Owner Mike Sperry Jr. said his sales have tripled since gun control's been pushed onto the national stage. Other local gun shop owners have reported spikes in their business of 75 percent or more.
A lot of the interest is in AR-15 semiautomatic tactical rifles, which legislators have proposed banning following recent shootings.
That interest has gotten so strong, gun retailers can't keep the firearms in stock.
"I get phone calls from L.A. to the Bay and before I even say hello,' I say, I don't have any ARs, I don't have any lower parts kits, I don't have any stripped lowers,'" said Sperry of the AR-15 rifles and components.

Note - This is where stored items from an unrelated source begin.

(* Let $\delta>0$ and let $K=\{(k,b):k\in[k_-,k_+],\ b\in[b_-,b_+]\}$ with $0<k_-\le k_+$ and $\delta<b_-\le b_+$. For $\lambda$ in some index set, let $\nu(\lambda,dx)=\sum_{m=1}^M\pi_m(\lambda)\Gamma(k_m,b_m)(dx)$ and $\hat\nu(\lambda,dx)=\sum_{m=1}^M\hat\pi_m(\lambda)\Gamma(\hat k_m,\hat b_m)(dx)$, where $(\pi_m(\lambda))_m$ and $(\hat\pi_m(\lambda))_m$ are probability vectors and all $(k_m,b_m),(\hat k_m,\hat b_m)\in K$. Then there exist constants $C_k,C_b<\infty$ depending only on $(k_\pm,b_\pm,\delta)$ such that for each $\lambda$, $$\|\nu(\lambda,\cdot)-\hat\nu(\lambda,\cdot)\|_{TV,\delta}\le\sum_{m=1}^M|\pi_m(\lambda)-\hat\pi_m(\lambda)|\,M_{k_m,b_m}(\delta)+\sum_{m=1}^M\hat\pi_m(\lambda)\big(C_k|k_m-\hat k_m|+C_b|b_m-\hat b_m|\big),$$ where $M_{k,b}(\delta)=\big(\tfrac{b}{b-\delta}\big)^k$.
   Context: $\Gamma(k,b)(dx)=f_{k,b}(x)dx$ with $f_{k,b}(x)=\frac{b^k}{\Gamma(k)}x^{k-1}e^{-bx}$ on $(0,\infty)$. For a finite signed measure $\sigma$ on $\mathbb R_+$, $\|\sigma\|_{TV,\delta}=\int_0^\infty e^{\delta x}|\sigma|(dx)$ with $|\sigma|$ the total variation measure. *)

theory Defs
  imports "HOL-Analysis.Analysis"
begin

definition gamma_dens :: "real \<Rightarrow> real \<Rightarrow> real \<Rightarrow> real" where
  "gamma_dens k b x = (if 0 < x then b powr k / Gamma k * x powr (k - 1) * exp (- b * x) else 0)"

definition gamma_mix_dens :: "nat \<Rightarrow> (nat \<Rightarrow> real) \<Rightarrow> (nat \<Rightarrow> real) \<Rightarrow> (nat \<Rightarrow> real) \<Rightarrow> real \<Rightarrow> real" where
  "gamma_mix_dens M w k b x = (\<Sum>m=1..M. w m * gamma_dens (k m) (b m) x)"

text \<open>Weighted total variation norm of the signed measure (p - q) dx on R_+, for
  absolutely continuous measures with densities p, q: the total variation measure
  of (p - q) dx is |p - q| dx.\<close>
definition weighted_tv_dens :: "real \<Rightarrow> (real \<Rightarrow> real) \<Rightarrow> (real \<Rightarrow> real) \<Rightarrow> ennreal" where
  "weighted_tv_dens \<delta> p q = (\<integral>\<^sup>+ x\<in>{0..}. ennreal (exp (\<delta> * x) * \<bar>p x - q x\<bar>) \<partial>lborel)"

definition gamma_mgf_bound :: "real \<Rightarrow> real \<Rightarrow> real \<Rightarrow> real" where
  "gamma_mgf_bound k b \<delta> = (b / (b - \<delta>)) powr k"

end

theory Submission
  imports Defs
begin

(* Multiplying by e^(delta x) turns the Gamma(k, b) density f_{k,b} into
   b^k / Gamma(k) x^(k-1) e^(-(b - delta) x), a Gamma integral of total mass M_{k,b}(delta).
   The difference e^(delta x) (nu - nu^) splits into sum (pi_m - pi^_m) e^(delta x) f_{k_m,b_m},
   which gives the first sum of the bound, and sum pi^_m e^(delta x) (f_{k_m,b_m} - f_{k^_m,b^_m}).
   The derivatives of f_{k,b}(x) in k and b are f_{k,b}(x) (ln b + ln x - digamma k) and
   f_{k,b}(x) (k/b - x). Absorbing |ln x| <= x^(-s)/s + x with s = k_-/2, both are bounded on the
   compact parameter box by L (x^(k_-/2 - 1) + x^(k_+)) e^(-b_- x), so by the mean value theorem
   f is Lipschitz in (k, b) with this weight. Since b_- > delta, the weight times e^(delta x) has
   finite integral, and that integral serves as C_k = C_b. *)

lemma nn_integral_powr_exp:
  fixes a c :: real
  assumes a: "0 < a" and c: "0 < c"
  shows "(\<integral>\<^sup>+x\<in>{0..}. ennreal (x powr (a - 1) * exp (- c * x)) \<partial>lborel) = ennreal (Gamma a / c powr a)"
proof -
  let ?f = "\<lambda>t::real. ennreal (indicator {0..} t * t powr (a - 1) / exp t)"
  have scaled: "?f (c * x)
      = ennreal (c powr (a - 1)) * (ennreal (x powr (a - 1) * exp (- c * x)) * indicator {0..} x)" for x
    using c by (cases "0 \<le> x")
      (auto simp: powr_mult exp_minus indicator_def ennreal_mult[symmetric] divide_inverse
        mult.assoc zero_le_mult_iff)
  have "ennreal (Gamma a) = (\<integral>\<^sup>+t. ?f t \<partial>lborel)"
    using Gamma_conv_nn_integral_real[OF a] by simp
  also have "\<dots> = ennreal c * (\<integral>\<^sup>+x. ?f (c * x) \<partial>lborel)"
    using nn_integral_real_affine[of ?f c 0] c by simp
  also have "\<dots> = ennreal (c * c powr (a - 1))
      * (\<integral>\<^sup>+x\<in>{0..}. ennreal (x powr (a - 1) * exp (- c * x)) \<partial>lborel)"
    unfolding scaled using c by (simp add: nn_integral_cmult ennreal_mult mult.assoc)
  also have "c * c powr (a - 1) = c powr a"
    using c by (simp add: powr_diff)
  finally have "ennreal (Gamma a)
      = (\<integral>\<^sup>+x\<in>{0..}. ennreal (x powr (a - 1) * exp (- c * x)) \<partial>lborel) * ennreal (c powr a)"
    by (simp add: mult.commute)
  then show ?thesis
    using a c by (simp add: divide_ennreal[symmetric] mult_divide_eq_ennreal)
qed
(* Let $f:\mathbb{R}^d\times\mathcal{X}\to\mathbb{R}$ be differentiable in $\theta$, with $\mathcal{X}$ a subset of a Euclidean space, $\sup_{x\in\mathcal{X}}\Vert x\Vert\le D<\infty$ and $\sup_{x\in\mathcal{X}}\Vert\nabla f(0,x)\Vert\le E<\infty$. Assume (A1): there are $K_1,K_2>0$ with $\Vert\nabla f(\theta,x)-\nabla f(\hat\theta,\hat x)\Vert\le K_1\Vert\theta-\hat\theta\Vert+K_2\Vert x-\hat x\Vert(\Vert\theta\Vert+\Vert\hat\theta\Vert+1)$ for all $\theta,\hat\theta\in\mathbb{R}^d$, $x,\hat x\in\mathcal{X}$; (A3): there are $m>0,K>0$ with $\langle\nabla f(\theta_1,x)-\nabla f(\theta_2,x),\theta_1-\theta_2\rangle\ge m\Vert\theta_1-\theta_2\Vert^2-K$ for all $\theta_1,\theta_2,x$. Let $X_n=(x_1,\dots,x_n)$, $\hat X_n=(\hat x_1,\dots,\hat x_n)\in\mathcal{X}^n$ differ in at most one index, $b\in\{1,\dots,n\}$, $(\Omega_k)$ i.i.d. uniformly random $b$-subsets of $\{1,\dots,n\}$, and $$\theta_k=\theta_{k-1}-\tfrac\eta b\textstyle\sum_{i\in\Omega_k}\nabla f(\theta_{k-1},x_i),\qquad\hat\theta_k=\hat\theta_{k-1}-\tfrac\eta b\sum_{i\in\Omega_k}\nabla f(\hat\theta_{k-1},\hat x_i),$$ with $\theta_0=\hat\theta_0=\theta\in\mathbb{R}^d$. Assume $\eta<\min\left\{\frac1m,\frac{m}{K_1^2+64D^2K_2^2}\right\}$. Let $\nu_k,\hat\nu_k$ be the laws of $\theta_k,\hat\theta_k$, let $r:=\frac{E+\sqrt{E^2+4mK}}{2m}$ and $$B:=4\Vert\theta\Vert^2+4r^2+4-\frac{2\eta}{m}K_1^2-\frac{112\eta}{m}D^2K_2^2+\frac{128\eta}{m}D^2K_2^2r^2+\frac{4K}{m}+2r^2.$$ Then for all $k$, $$\mathcal{W}_2^2(\nu_k,\hat\nu_k)\le\left(1-(1-\eta m)^k\right)\left(\frac{4D^2K_2^2\eta(8B+2)}{bnm}+\frac{4K_2D(1+K_1\eta)}{nm}(1+5B)+\frac{2K}{m}\right).$$
   Context: $\mathcal{W}_2$ is the 2-Wasserstein distance: $\mathcal{W}_2(\mu,\nu)^2=\inf\mathbb{E}\Vert X-Y\Vert^2$ over couplings of $X\sim\mu$, $Y\sim\nu$. *)

theory Defs
  imports "HOL-Probability.Probability"
begin

definition W2sq :: "'a::euclidean_space measure \<Rightarrow> 'a measure \<Rightarrow> ennreal" where
  "W2sq \<mu> \<nu> =
     (INF \<pi> \<in> {\<pi> :: ('a \<times> 'a) measure.
              sets \<pi> = sets borel \<and> prob_space \<pi> \<and>
              (\<forall>A \<in> sets (borel :: 'a measure).
                 emeasure \<pi> (A \<times> UNIV) = emeasure \<mu> A \<and>
                 emeasure \<pi> (UNIV \<times> A) = emeasure \<nu> A)}.
        \<integral>\<^sup>+ z. ennreal ((norm (fst z - snd z))\<^sup>2) \<partial>\<pi>)"

text \<open>All b-element subsets of the index set {0..<n} (indices shifted to start at 0).\<close>
definition minibatches :: "nat \<Rightarrow> nat \<Rightarrow> nat set set" where
  "minibatches n b = {S. S \<subseteq> {..<n} \<and> card S = b}"
lemma tendsto_tau_nbhd_if_nu_r_zero:
  assumes "\<And>j. fa_outer_prob (\<xi> j)" "compact K" "nu_r \<xi> r K = 0"
  shows "((\<lambda>\<epsilon>. tau \<xi> (nbhd \<epsilon> K)) \<longlongrightarrow> 0) (at_right 0)"
proof (rule tendstoI)
  fix \<delta> :: real assume "\<delta> > 0"
  then have "nu_r \<xi> r K < ennreal \<delta>" using assms(3) by simp
  then obtain F where F: "finite F" "\<forall>I\<in>F. open I" "K \<subseteq> \<Union>F" "(\<Sum>I\<in>F. tau \<xi> I) < \<delta>"
    using nu_r_less_imp_finite_cover[of \<xi>, OF assms(1,2)] by blast
  obtain e where "e > 0" and e: "nbhd e K \<subseteq> \<Union>F"
    using compact_nbhd_subset_open[OF assms(2) _ F(3)] F(2) by blast
  have "tau \<xi> (nbhd \<epsilon> K) < \<delta>" if "\<epsilon> < e" for \<epsilon>
  proof -
    have "tau \<xi> (nbhd \<epsilon> K) \<le> tau \<xi> (\<Union>F)"
      using nbhd_mono[of \<epsilon> e K] that e by (intro tau_mono[of \<xi>, OF assms(1)]) auto
    also have "\<dots> \<le> (\<Sum>I\<in>F. tau \<xi> I)" using tau_Union_le[of \<xi>, OF assms(1) F(1)] .
    finally show ?thesis using F(4) by simp
  qed
  then show "\<forall>\<^sub>F \<epsilon> in at_right 0. dist (tau \<xi> (nbhd \<epsilon> K)) 0 < \<delta>"
    unfolding eventually_at_right_field using \<open>e > 0\<close> tau_nonneg[of \<xi>, OF assms(1)] by auto
qed

lemma nu_r_le_tau_nbhd:
  assumes "\<And>j. fa_outer_prob (\<xi> j)" "compact K" "r > 0"
  obtains N :: nat where "\<And>\<epsilon>. \<epsilon> > 0 \<Longrightarrow> nu_r \<xi> r K \<le> ennreal (N * tau \<xi> (nbhd \<epsilon> K))"
proof -
  have cover: "K \<subseteq> (\<Union>c\<in>K. ball c (r/2))" using \<open>r > 0\<close> by auto
  obtain T where T: "finite T" "K \<subseteq> (\<Union>c\<in>T. ball c (r/2))"
    by (rule compactE_image[OF assms(2) _ cover]) auto
  have "nu_r \<xi> r K \<le> ennreal (card T * tau \<xi> (nbhd \<epsilon> K))" if "\<epsilon> > 0" for \<epsilon>
  proof -
    define \<I> where "\<I> = (\<lambda>c. ball c (r/2) \<inter> nbhd \<epsilon> K) ` T"
    have "finite \<I>" unfolding \<I>_def using T(1) by simp
    moreover have "\<forall>I\<in>\<I>. open I \<and> diameter I \<le> r"
      unfolding \<I>_def using open_nbhd diameter_ball_Int_le[OF \<open>r > 0\<close>] by auto
    moreover have "K \<subseteq> \<Union>\<I>" using T(2) subset_nbhd[OF that, of K] unfolding \<I>_def by blast
    ultimately have "nu_r \<xi> r K \<le> ennreal (\<Sum>I\<in>\<I>. tau \<xi> I)"
      by (rule nu_r_le_finite_cover[of \<xi>, OF assms(1)])
    also have "\<dots> \<le> ennreal (\<Sum>c\<in>T. tau \<xi> (ball c (r/2) \<inter> nbhd \<epsilon> K))"
      unfolding \<I>_def using T(1) tau_nonneg[of \<xi>, OF assms(1)]
        sum_image_le[of T "tau \<xi>" "\<lambda>c. ball c (r/2) \<inter> nbhd \<epsilon> K"]
      by (simp add: o_def ennreal_leI)
    also have "\<dots> \<le> ennreal (\<Sum>c\<in>T. tau \<xi> (nbhd \<epsilon> K))"
      by (intro ennreal_leI sum_mono tau_mono[of \<xi>, OF assms(1)]) auto
    finally show ?thesis by simp
  qed
  then show ?thesis by (rule that)
qed

lemma nu_r_zero_if_tendsto_tau_nbhd:
  assumes "\<And>j. fa_outer_prob (\<xi> j)" "compact K" "r > 0"
    and lim: "((\<lambda>\<epsilon>. tau \<xi> (nbhd \<epsilon> K)) \<longlongrightarrow> 0) (at_right 0)"
  shows "nu_r \<xi> r K = 0"
proof -
  obtain N :: nat where N: "\<And>\<epsilon>. \<epsilon> > 0 \<Longrightarrow> nu_r \<xi> r K \<le> ennreal (N * tau \<xi> (nbhd \<epsilon> K))"
    using nu_r_le_tau_nbhd[of \<xi>, OF assms(1-3)] by blast
  have "nu_r \<xi> r K \<le> 0 + ennreal c" if "c > 0" for c
  proof -
    have "\<forall>\<^sub>F \<epsilon> in at_right 0. 0 < \<epsilon> \<and> tau \<xi> (nbhd \<epsilon> K) < c / (N + 1)"
      using that by (intro eventually_conj eventually_at_right_less order_tendstoD(2)[OF lim]) simp
    then obtain \<epsilon> where "\<epsilon> > 0" and small: "tau \<xi> (nbhd \<epsilon> K) < c / (N + 1)"
      using eventually_happens'[OF trivial_limit_at_right_real] by blast
    have "N * tau \<xi> (nbhd \<epsilon> K) \<le> N * (c / (N + 1))"
      using small by (intro mult_left_mono) auto
    also have "\<dots> \<le> c" using that by (simp add: field_simps)
    finally have "N * tau \<xi> (nbhd \<epsilon> K) \<le> c" .
    then show ?thesis using N[OF \<open>\<epsilon> > 0\<close>] by (simp add: order_trans ennreal_leI)
  qed
  then have "nu_r \<xi> r K \<le> 0" by (rule ennreal_le_epsilon)
  then show ?thesis by simp
qed
lemma has_real_derivative_neg_imp_less_on_interval:
  fixes f f' :: "real \<Rightarrow> real" and I :: "real set"
  assumes "is_interval I" "u \<in> I" "v \<in> I" "u < v"
    and "\<And>s. s \<in> I \<Longrightarrow> (f has_real_derivative f' s) (at s within I)"
    and "\<And>s. u < s \<Longrightarrow> s < v \<Longrightarrow> f' s < 0"
  shows "f v < f u"
  using has_real_derivative_pos_imp_less_on_interval[of I u v "\<lambda>s. - f s" "\<lambda>s. - f' s"] assms
  by (auto intro: DERIV_minus)

locale orth_geodesic_vel =
  fixes \<alpha> \<tau> cj :: real and T X T' X' :: "real \<Rightarrow> real" and I :: "real set"
  assumes alpha_pos: "0 < \<alpha>"
    and interval: "is_interval I" and zero_in: "0 \<in> I"
    and T_0: "T 0 = \<tau>" and X_0: "X 0 = cj" and T_pos: "\<And>s. s \<in> I \<Longrightarrow> 0 < T s"
    and T'_0: "T' 0 = 0" and X'_0: "X' 0 \<noteq> 0"
    and T_deriv: "\<And>s. s \<in> I \<Longrightarrow> (T has_real_derivative T' s) (at s within I)"
    and X_deriv: "\<And>s. s \<in> I \<Longrightarrow> (X has_real_derivative X' s) (at s within I)"
    and T'_deriv: "\<And>s. s \<in> I \<Longrightarrow> (T' has_real_derivative
              (- scale \<alpha> (T s) * scale' \<alpha> (T s) * (X' s)\<^sup>2)) (at s within I)"
    and X'_deriv: "\<And>s. s \<in> I \<Longrightarrow> (X' has_real_derivative
              (- 2 * (scale' \<alpha> (T s) / scale \<alpha> (T s)) * T' s * X' s)) (at s within I)"

lemma orth_geodesic_imp_vel:
  assumes "0 < \<alpha>" "orth_geodesic \<alpha> \<tau> cj T X I"
  obtains T' X' where "orth_geodesic_vel \<alpha> \<tau> cj T X T' X' I"
  using assms unfolding orth_geodesic_def orth_geodesic_vel_def by blast

context orth_geodesic_vel
begin

lemma tau_pos: "0 < \<tau>"
  using T_pos[OF zero_in] T_0 by simp

lemma scale_T_pos:
  assumes "s \<in> I"
  shows "0 < scale \<alpha> (T s)"
  using T_pos[OF assms] by (simp add: scale_def)

lemma scale_T_deriv:
  "s \<in> I \<Longrightarrow> ((\<lambda>s. scale \<alpha> (T s)) has_real_derivative scale' \<alpha> (T s) * T' s) (at s within I)"
  unfolding scale_def scale'_def using T_pos
  by (auto intro!: derivative_eq_intros T_deriv)

definition momentum :: real where
  "momentum = (scale \<alpha> \<tau>)\<^sup>2 * X' 0"

lemma momentum_conserved:
  assumes "s \<in> I"
  shows "(scale \<alpha> (T s))\<^sup>2 * X' s = momentum"
proof -
  have "\<exists>c. \<forall>s\<in>I. (scale \<alpha> (T s))\<^sup>2 * X' s = c"
  proof (rule has_field_derivative_zero_constant)
    show "convex I"
      by (rule is_interval_convex[OF interval])
    fix s assume s: "s \<in> I"
    define A A' where "A = scale \<alpha> (T s)" and "A' = scale' \<alpha> (T s)"
    have "((\<lambda>s. (scale \<alpha> (T s))\<^sup>2 * X' s) has_real_derivative
        of_nat 2 * (A' * T' s * A ^ (2 - Suc 0)) * X' s + (- 2 * (A' / A) * T' s * X' s) * A\<^sup>2)
        (at s within I)"
      unfolding A_def A'_def by (intro DERIV_mult DERIV_power scale_T_deriv X'_deriv s)
    also have "of_nat 2 * (A' * T' s * A ^ (2 - Suc 0)) * X' s + (- 2 * (A' / A) * T' s * X' s) * A\<^sup>2 = 0"
      using scale_T_pos[OF s] by (simp add: A_def power2_eq_square)
    finally show "((\<lambda>s. (scale \<alpha> (T s))\<^sup>2 * X' s) has_real_derivative 0) (at s within I)" .
  qed
  then show ?thesis
    using assms zero_in by (force simp: momentum_def T_0)
qed

lemma energy_conserved:
  assumes "s \<in> I"
  shows "(scale \<alpha> (T s))\<^sup>2 * (X' s)\<^sup>2 - (T' s)\<^sup>2 = (scale \<alpha> \<tau>)\<^sup>2 * (X' 0)\<^sup>2"
proof -
  have "\<exists>c. \<forall>s\<in>I. (scale \<alpha> (T s))\<^sup>2 * (X' s)\<^sup>2 - (T' s)\<^sup>2 = c"
  proof (rule has_field_derivative_zero_constant)
    show "convex I"
      by (rule is_interval_convex[OF interval])
    fix s assume s: "s \<in> I"
    define A A' where "A = scale \<alpha> (T s)" and "A' = scale' \<alpha> (T s)"
    have "((\<lambda>s. (scale \<alpha> (T s))\<^sup>2 * (X' s)\<^sup>2 - (T' s)\<^sup>2) has_real_derivative
        of_nat 2 * (A' * T' s * A ^ (2 - Suc 0)) * (X' s)\<^sup>2
          + of_nat 2 * (- 2 * (A' / A) * T' s * X' s * X' s ^ (2 - Suc 0)) * A\<^sup>2
          - of_nat 2 * (- A * A' * (X' s)\<^sup>2 * T' s ^ (2 - Suc 0)))
        (at s within I)"
      unfolding A_def A'_def
      by (intro DERIV_diff DERIV_mult DERIV_power scale_T_deriv X'_deriv T'_deriv s)
    also have "of_nat 2 * (A' * T' s * A ^ (2 - Suc 0)) * (X' s)\<^sup>2
          + of_nat 2 * (- 2 * (A' / A) * T' s * X' s * X' s ^ (2 - Suc 0)) * A\<^sup>2
          - of_nat 2 * (- A * A' * (X' s)\<^sup>2 * T' s ^ (2 - Suc 0)) = 0"
      using scale_T_pos[OF s] by (simp add: A_def power2_eq_square algebra_simps)
    finally show "((\<lambda>s. (scale \<alpha> (T s))\<^sup>2 * (X' s)\<^sup>2 - (T' s)\<^sup>2) has_real_derivative 0)
        (at s within I)" .
  qed
  then show ?thesis
    using assms zero_in by (force simp: T_0 T'_0)
qed
(* Let $\mathcal S = \mathrm{span}\{g_1,\dots,g_{N-k}\}$, with $0\le k\le N$ and $g_1,\dots,g_{N-k}$ independent, be a toy stabilizer group on $N$ elementary systems. Then the epistemic state of $\mathcal S$ can be written as the mixture of $2^k$ pure states; that is, there exist $2^k$ toy stabilizer groups, each with $N$ independent generators, such that the state of $\mathcal S$ is obtained from them by iterated pairwise mixtures.
   Context: Toy Pauli matrices: $\mathcal{X} = \mathrm{diag}(1,-1,1,-1)$, $\mathcal{Y} = \mathrm{diag}(1,-1,-1,1)$, $\mathcal{Z} = \mathrm{diag}(1,1,-1,-1)$; the toy Pauli group is $G_N = \{\alpha\, p_1\otimes\cdots\otimes p_N : p_i \in \{\mathbb{1}_4,\mathcal X,\mathcal Y,\mathcal Z\}, \alpha\in\{\pm1\}\}$. Let $m: G_N\to P_N$ be the homomorphism into the $N$-qubit Pauli group with $m(\mathcal X_k)=X_k$, $m(\mathcal Z_k)=Z_k$, $m(-\mathbb 1)=-\mathbb 1$; $g,h\in G_N$ "commute" if $m(g),m(h)$ commute. A toy stabilizer group is a subgroup of $G_N$ whose elements pairwise "commute" and which does not contain $-\mathbb 1$; its epistemic state is the set of ontic states $e_{i_1}\otimes\cdots\otimes e_{i_N}$ ($e_i$ the standard basis of $\mathbb R^4$) fixed by every element of the group. A stabilizer group is pure (maximal information) if it has $N$ independent generators, and mixed otherwise. A stabilizer group $\mathcal S'$ is a rephasing of $\mathcal S$ if for every $g\in\mathcal S$, $g\in\mathcal S'$ or $-g\in \mathcal S'$. For two stabilizer groups $\mathcal S,\mathcal S'$ that are rephasings of each other, their mixture is the state with stabilizer group $\mathcal S\cap\mathcal S'$. *)

theory Defs
  imports Main
begin

datatype pauli = PI | PX | PY | PZ

text \<open>Diagonal entries of the toy Pauli matrices (indices 0..3):
  X = diag(1,-1,1,-1), Y = diag(1,-1,-1,1), Z = diag(1,1,-1,-1).\<close>
fun pval :: "pauli \<Rightarrow> nat \<Rightarrow> int" where
  "pval PI i = 1"
| "pval PX i = (if i = 0 \<or> i = 2 then 1 else -1)"
| "pval PY i = (if i = 0 \<or> i = 3 then 1 else -1)"
| "pval PZ i = (if i = 0 \<or> i = 1 then 1 else -1)"

text \<open>Products of single-site toy Pauli matrices (all diagonal, no phases).\<close>
fun pmul :: "pauli \<Rightarrow> pauli \<Rightarrow> pauli" where
  "pmul PI q = q"
| "pmul p PI = p"
| "pmul PX PX = PI" | "pmul PY PY = PI" | "pmul PZ PZ = PI"
| "pmul PX PY = PZ" | "pmul PY PX = PZ"
| "pmul PX PZ = PY" | "pmul PZ PX = PY"
| "pmul PY PZ = PX" | "pmul PZ PY = PX"

text \<open>An element alpha p_1 (x) ... (x) p_N, encoded as (neg, [p_1,...,p_N]) with
  alpha = -1 iff neg.\<close>
type_synonym toy = "bool \<times> pauli list"

definition toyG :: "nat \<Rightarrow> toy set" where
  "toyG N = {g. length (snd g) = N}"

definition tone :: "nat \<Rightarrow> toy" where
  "tone N = (False, replicate N PI)"

definition tminus_one :: "nat \<Rightarrow> toy" where
  "tminus_one N = (True, replicate N PI)"
lemma sum_eq_chain_length:
  "(\<Sum>i<length s - 1. norm (g (s ! i) - g (s ! Suc i))) = chain_length g s"
proof (induction g s rule: chain_length.induct)
  case (1 g x y s)
  have "(\<Sum>i<length (x # y # s) - 1. norm (g ((x # y # s) ! i) - g ((x # y # s) ! Suc i)))
     = norm (g x - g y) + (\<Sum>i<length (y # s) - 1. norm (g ((y # s) ! i) - g ((y # s) ! Suc i)))"
    by (simp add: sum.lessThan_Suc_shift del: sum.lessThan_Suc)
  then show ?case using 1 by simp
qed auto

lemma chain_length_nonneg: "chain_length g s \<ge> 0"
  by (induction g s rule: chain_length.induct) auto

lemma chain_length_const: "\<forall>x\<in>set s. x = c \<Longrightarrow> chain_length g s = 0"
  by (induction g s rule: chain_length.induct) auto

lemma chain_length_append:
  "chain_length g (A @ q # B) = chain_length g (A @ [q]) + chain_length g (q # B)"
proof (induction A)
  case (Cons x A)
  then show ?case by (cases A) auto
qed simp

lemma chain_length_append_le:
  "chain_length g (A @ B) \<le> chain_length g (A @ [q]) + chain_length g (q # B)"
proof (induction A)
  case Nil
  then show ?case by (cases B) (auto simp: chain_length_nonneg)
next
  case (Cons x A)
  show ?case
  proof (cases A)
    case Nil
    then show ?thesis
      using norm_triangle_ineq[of "g x - g q" "g q - g (hd B)"] by (cases B) auto
  next
    case (Cons z A')
    then show ?thesis using Cons.IH by simp
  qed
qed

lemma chain_length_snoc_le: "chain_length g s \<le> chain_length g (s @ [x])"
  by (induction g s rule: chain_length.induct) auto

Gun shop owners say people commonly buy AR-15s because they're fun to shoot, easy to customize and good for hunting small-game animals.
"Blasting and destroying cans, paper targets there's nothing more fun," Sperry said. "It is the ultimate customizable gun. Any color you want, any configuration you want. And that's Americans we don't want to be the same, we all want to be a little bit different."
But among the restrictions being pushed by President Barack Obama is a ban on "assault weapons" that could curtail sales of AR-15s.
His proposal has garnered some support. Former congresswoman Gabby Giffords, who was shot in the head in a 2011 shooting, encouraged Congress to get behind the gun restrictions in a speech she gave Wednesday.
"Violence is a big problem," Giffords said. "Too many children are dying too many children. We must do something."
But many are at odds about how to prevent future acts of violence, such as the Newtown, Conn. elementary school shooting that left 20 children and several adults dead.
Merced County District Attorney Larry Morse II, co-chairman of the California District Attorneys Association Legislation Committee, said the common denominator in the recent massacres is mental health, and he thinks that needs to be addressed.
"As a longtime gun owner and hunter, I take the Second Amendment very seriously," he said. "Many of the things that have been proposed as solutions, I'm not confident are going to address some of the core issues."
The recent shootings are self-contained incidents, Morse said. They're not indicative of national gun-violence trends.
"Gun violence in the U.S. has been going down for the last decade or so," he said. "Violent crime has gone down."
The goal for Morse is to keep firearms out of the hands of criminals.
"Clearly, there was going to be a response to the carnage in Newtown, and there should be," he said. "I'm not threatened by debates about Constitutional issues. I think it's very healthy."
Though business is hot right now amidst the gun control talks, Sperry said he's having a hard time keeping up his inventory to meet demand.
"Whoever had a billion dollars in inventory made a lot of money, but the little guys like me, we're scraping along," Sperry said.
In the meantime, the gun fervor doesn't show any signs of slowing down amid talk of new gun control legislation.
"Everyone's concerned with if they get this passed, what's next?" Sperry noted. "I understand that concept. Where does it stop?"